Scan the records for the string "every", then copy each line that has it.

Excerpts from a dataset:
------

(* Let $n,s$ be positive integers with $2s\le n$ and let $L=[s]=\{1,\ldots,s\}$. Let $\mathcal{F}\subseteq2^{[n]}$ be $L$-close Sperner (respectively, $L$-differencing Sperner). Then there exists $\mathcal{F}'\subseteq2^{[n]}$ with $|\mathcal{F}'|=|\mathcal{F}|$, such that $s\le|A|\le n-s$ for every $A\in\mathcal{F}'$, and $\mathcal{F}'$ is $L$-close Sperner (respectively, $L$-differencing Sperner).
   Context: $\mathcal{F}\subseteq2^{[n]}$ is $L$-differencing Sperner if $|A\setminus B|\in L$ for all distinct $A,B\in\mathcal{F}$, and $L$-close Sperner if $\min\{|A\setminus B|,|B\setminus A|\}\in L$ for all distinct $A,B\in\mathcal{F}$. *)

theory Defs
  imports Main
begin

definition L_differencing_sperner :: "nat set \<Rightarrow> 'a set set \<Rightarrow> bool" where
  "L_differencing_sperner L F \<longleftrightarrow> (\<forall>A\<in>F. \<forall>B\<in>F. A \<noteq> B \<longrightarrow> card (A - B) \<in> L)"

definition L_close_sperner :: "nat set \<Rightarrow> 'a set set \<Rightarrow> bool" where
  "L_close_sperner L F \<longleftrightarrow> (\<forall>A\<in>F. \<forall>B\<in>F. A \<noteq> B \<longrightarrow> min (card (A - B)) (card (B - A)) \<in> L)"

end

theory Submission
  imports Defs
begin

text \<open>
  Both conditions forbid proper inclusions (they would give \<open>|A - B| = 0\<close>), so \<open>F\<close> is an
  antichain. For \<open>2k < n\<close> the upper shadow of a \<open>k\<close>-uniform family is at least as large as the
  family (double counting), so the lowest layer of an antichain can be replaced by equally many
  \<open>(k+1)\<close>-sets, each containing an old member, without creating inclusions. Iterating up to
  level \<open>s\<close>, and then doing the same for complements down to level \<open>n - s\<close>, ties every new
  set \<open>X\<close> to some \<open>A \<in> F\<close> with \<open>A \<subseteq> X\<close> unless \<open>|X| = n - s\<close> and \<open>X \<subseteq> A\<close> unless
  \<open>|X| = s\<close>. On the extreme levels \<open>|X - Y| \<le> |X| = s\<close> or \<open>|Y - X| \<le> n - |X| = s\<close>;
  otherwise \<open>X - Y \<subseteq> A - B\<close>, and for the close version \<open>X = A\<close>, \<open>Y = B\<close> outright.
\<close>

definition antichain :: "'a set set \<Rightarrow> bool" where
  "antichain F \<longleftrightarrow> (\<forall>A\<in>F. \<forall>B\<in>F. A \<subseteq> B \<longrightarrow> A = B)"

------

**Answer section**
(* Let $n,s$ be positive integers with $2s\le n$ and let $L=[s]=\{1,\ldots,s\}$. Let $\mathcal{F}\subseteq2^{[n]}$ be $L$-close Sperner (respectively, $L$-differencing Sperner). Then there exists $\mathcal{F}'\subseteq2^{[n]}$ with $|\mathcal{F}'|=|\mathcal{F}|$, such that $s\le|A|\le n-s$ for every $A\in\mathcal{F}'$, and $\mathcal{F}'$ is $L$-close Sperner (respectively, $L$-differencing Sperner).
  level \<open>s\<close>, and then doing the same for complements down to level \<open>n - s\<close>, ties every new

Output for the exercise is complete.